• PROBLEM REQUIREMENTS
Wherever the line with "by (simp add: power2_eq_square" sits in the listing below, transcribe from it up to and including the line with "real T)) \<longlonglongrightarrow>", exactly, and leave the remaining lines out.

• RECORDS SUPPLIED
(* The relative value function v is built explicitly. For large ages the action F with maximal
   success probability (cheapest among those) is optimal, and always playing it gives a relative
   value that is quadratic in the age, in closed form; below a threshold v is obtained by backward
   induction with the Bellman operator. The gain g is chosen by the intermediate value theorem so
   that v 1 = 0, which makes (g, v) a solution of the average-cost optimality equation.
   The greedy stationary policy then has average cost at most g because v is bounded below.
   Every policy has average cost at least g: v - lam * s^3 is bounded above and satisfies the
   optimality inequality for costs inflated by the factor 1 + 3 lam / (beta eps); let lam -> 0. *)

section \<open>Elementary analysis\<close>

lemma continuous_on_Min_image:
  fixes f :: "'a \<Rightarrow> real \<Rightarrow> real"
  assumes "finite A" "A \<noteq> {}" "\<And>a. a \<in> A \<Longrightarrow> continuous_on S (f a)"
  shows "continuous_on S (\<lambda>x. Min ((\<lambda>a. f a x) ` A))"
  using assms
proof (induction A rule: finite_ne_induct)
  case (singleton a)
  then show ?case by simp
next
  case (insert a A)
  then have "continuous_on S (\<lambda>x. min (f a x) (Min ((\<lambda>a. f a x) ` A)))"
    by (intro continuous_on_min) auto
  with insert show ?case by simp
qed

lemma quadratic_minus_cubic_le:
  fixes B lam x :: real
  assumes "0 \<le> B" "0 < lam" "0 \<le> x"
  shows "B * x ^ 2 - lam * x ^ 3 \<le> B * (B / lam) ^ 2"
proof (cases "x \<le> B / lam")
  case True
  then have "B * x ^ 2 \<le> B * (B / lam) ^ 2"
    using assms by (intro mult_left_mono power_mono) auto
  moreover have "0 \<le> lam * x ^ 3" using assms by simp
  ultimately show ?thesis by linarith
next
  case False
  then have "B * x ^ 2 \<le> (lam * x) * x ^ 2"
    using assms by (intro mult_right_mono) (auto simp: field_simps)
  then have "B * x ^ 2 - lam * x ^ 3 \<le> 0"
    by (simp add: power2_eq_square power3_eq_cube algebra_simps)
  also have "0 \<le> B * (B / lam) ^ 2" using assms by simp
  finally show ?thesis .
qed

lemma tendsto_ereal_add_const_div:
  "(\<lambda>T. ereal (a + D / real T)) \<longlonglongrightarrow> ereal a"
  using tendsto_add[OF tendsto_const[of a] lim_const_over_n[of D]] by auto

lemma limsup_le_of_le_add_const_div:
  fixes x :: "nat \<Rightarrow> real"
  assumes "\<And>T. 1 \<le> T \<Longrightarrow> x T \<le> a + D / real T"
  shows "limsup (\<lambda>T. ereal (x T)) \<le> ereal a"
proof -
  have "limsup (\<lambda>T. ereal (x T)) \<le> limsup (\<lambda>T. ereal (a + D / real T))"
    using assms by (intro Limsup_mono) (auto simp: eventually_sequentially)
  also have "\<dots> = ereal a"
    by (intro lim_imp_Limsup tendsto_ereal_add_const_div) simp
  finally show ?thesis .
qed

lemma limsup_ge_of_ge_add_const_div:
  fixes x :: "nat \<Rightarrow> real"
  assumes "\<And>T. 1 \<le> T \<Longrightarrow> a + D / real T \<le> x T"
  shows "ereal a \<le> limsup (\<lambda>T. ereal (x T))"
proof -
  have "ereal a = limsup (\<lambda>T. ereal (a + D / real T))"
    by (intro lim_imp_Limsup[symmetric] tendsto_ereal_add_const_div) simp
  also have "\<dots> \<le> limsup (\<lambda>T. ereal (x T))"
    using assms by (intro Limsup_mono) (auto simp: eventually_sequentially)
  finally show ?thesis .
qed

section \<open>Expectations along the controlled process\<close>

lemma expectation_bind_pmf_finite:
  fixes h :: "'b \<Rightarrow> real"
  assumes "finite (set_pmf M)" "\<And>x. x \<in> set_pmf M \<Longrightarrow> finite (set_pmf (f x))"
  shows "measure_pmf.expectation (bind_pmf M f) h =
    measure_pmf.expectation M (\<lambda>x. measure_pmf.expectation (f x) h)"
proof -
  have "measure_pmf.expectation (bind_pmf M f) h =
      (\<Sum>x\<in>set_pmf M. pmf M x *\<^sub>R measure_pmf.expectation (f x) h)"
    using assms by (intro pmf_expectation_bind) auto
  also have "\<dots> = measure_pmf.expectation M (\<lambda>x. measure_pmf.expectation (f x) h)"
    using assms by (intro integral_measure_pmf[symmetric]) auto
  finally show ?thesis .
qed

lemma expectation_mono_finite:
  fixes f g :: "'a \<Rightarrow> real"
  assumes "finite (set_pmf M)" "\<And>x. x \<in> set_pmf M \<Longrightarrow> f x \<le> g x"
  shows "measure_pmf.expectation M f \<le> measure_pmf.expectation M g"
  using assms
  by (intro integral_mono_AE integrable_measure_pmf_finite) (auto simp: AE_measure_pmf_iff)

lemma finite_set_pmf_trans_pmf: "finite (set_pmf (trans_pmf p r a s))"
  unfolding trans_pmf_def by simp

lemma expectation_trans_pmf:
  assumes "0 \<le> Qa p r a" "Qa p r a \<le> 1"
  shows "measure_pmf.expectation (trans_pmf p r a s) k =
    Qa p r a * k 1 + (1 - Qa p r a) * k (Suc s)"
  using assms unfolding trans_pmf_def by (simp add: algebra_simps)

lemma finite_set_pmf_hist_pmf:
  assumes "\<And>h s. finite (set_pmf (\<psi> h s))"
  shows "finite (set_pmf (hist_pmf p r \<psi> T))"
  by (induction T) (auto simp: assms finite_set_pmf_trans_pmf split: prod.splits)

lemma expectation_hist_pmf_Suc:
  fixes \<Phi> :: "(nat \<times> nat set) list \<times> nat \<Rightarrow> real"
  assumes fin: "\<And>h s. finite (set_pmf (\<psi> h s))"
  shows "measure_pmf.expectation (hist_pmf p r \<psi> (Suc T)) \<Phi> =
    measure_pmf.expectation (hist_pmf p r \<psi> T) (\<lambda>(h, s).
      measure_pmf.expectation (\<psi> h s) (\<lambda>a.
        measure_pmf.expectation (trans_pmf p r a s) (\<lambda>s'. \<Phi> (h @ [(s, a)], s'))))"
proof -
  have step: "measure_pmf.expectation
      (\<psi> h s \<bind> (\<lambda>a. map_pmf (\<lambda>s'. (h @ [(s, a)], s')) (trans_pmf p r a s))) \<Phi> =
    measure_pmf.expectation (\<psi> h s) (\<lambda>a.
      measure_pmf.expectation (trans_pmf p r a s) (\<lambda>s'. \<Phi> (h @ [(s, a)], s')))" for h s
    by (subst expectation_bind_pmf_finite) (simp_all add: fin finite_set_pmf_trans_pmf)
  show ?thesis
    unfolding hist_pmf.simps
    by (subst expectation_bind_pmf_finite)
       (auto simp: fin finite_set_pmf_hist_pmf finite_set_pmf_trans_pmf step case_prod_unfold)
qed

lemma expectation_hist_pmf_ge:
  fixes \<Phi> :: "(nat \<times> nat set) list \<times> nat \<Rightarrow> real"
  assumes fin: "\<And>h s. finite (set_pmf (\<psi> h s))"
    and drift: "\<And>h s a. a \<in> set_pmf (\<psi> h s) \<Longrightarrow>
      \<Phi> (h, s) + g \<le> measure_pmf.expectation (trans_pmf p r a s) (\<lambda>s'. \<Phi> (h @ [(s, a)], s'))"
  shows "\<Phi> ([], 1) + real T * g \<le> measure_pmf.expectation (hist_pmf p r \<psi> T) \<Phi>"
proof (induction T)
  case 0
  show ?case by simp
next
  case (Suc T)
  let ?next = "\<lambda>(h, s). measure_pmf.expectation (\<psi> h s) (\<lambda>a.
    measure_pmf.expectation (trans_pmf p r a s) (\<lambda>s'. \<Phi> (h @ [(s, a)], s')))"
  have finT: "finite (set_pmf (hist_pmf p r \<psi> T))"
    using fin by (rule finite_set_pmf_hist_pmf)
  have one_step: "\<Phi> x + g \<le> ?next x" for x
  proof -
    obtain h s where x: "x = (h, s)" by fastforce
    have "\<Phi> (h, s) + g = measure_pmf.expectation (\<psi> h s) (\<lambda>_. \<Phi> (h, s) + g)"
      by simp
    also have "\<dots> \<le> measure_pmf.expectation (\<psi> h s) (\<lambda>a.
        measure_pmf.expectation (trans_pmf p r a s) (\<lambda>s'. \<Phi> (h @ [(s, a)], s')))"
      using fin drift by (rule expectation_mono_finite)
    finally show ?thesis unfolding x by simp
  qed
  have "\<Phi> ([], 1) + real (Suc T) * g = (\<Phi> ([], 1) + real T * g) + g"
    by (simp add: algebra_simps)
  also have "\<dots> \<le> measure_pmf.expectation (hist_pmf p r \<psi> T) \<Phi> + g"
    using Suc by simp
  also have "\<dots> = measure_pmf.expectation (hist_pmf p r \<psi> T) (\<lambda>x. \<Phi> x + g)"
    using finT by (simp add: integrable_measure_pmf_finite)
  also have "\<dots> \<le> measure_pmf.expectation (hist_pmf p r \<psi> T) ?next"
    using finT one_step by (rule expectation_mono_finite)
  also have "\<dots> = measure_pmf.expectation (hist_pmf p r \<psi> (Suc T)) \<Phi>"
    using fin by (rule expectation_hist_pmf_Suc[symmetric])
  finally show ?case .
qed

• FINISHED TASK
    by (simp add: power2_eq_square power3_eq_cube algebra_simps)
  also have "0 \<le> B * (B / lam) ^ 2" using assms by simp
  finally show ?thesis .
qed

lemma tendsto_ereal_add_const_div:
  "(\<lambda>T. ereal (a + D / real T)) \<longlonglongrightarrow> ereal a"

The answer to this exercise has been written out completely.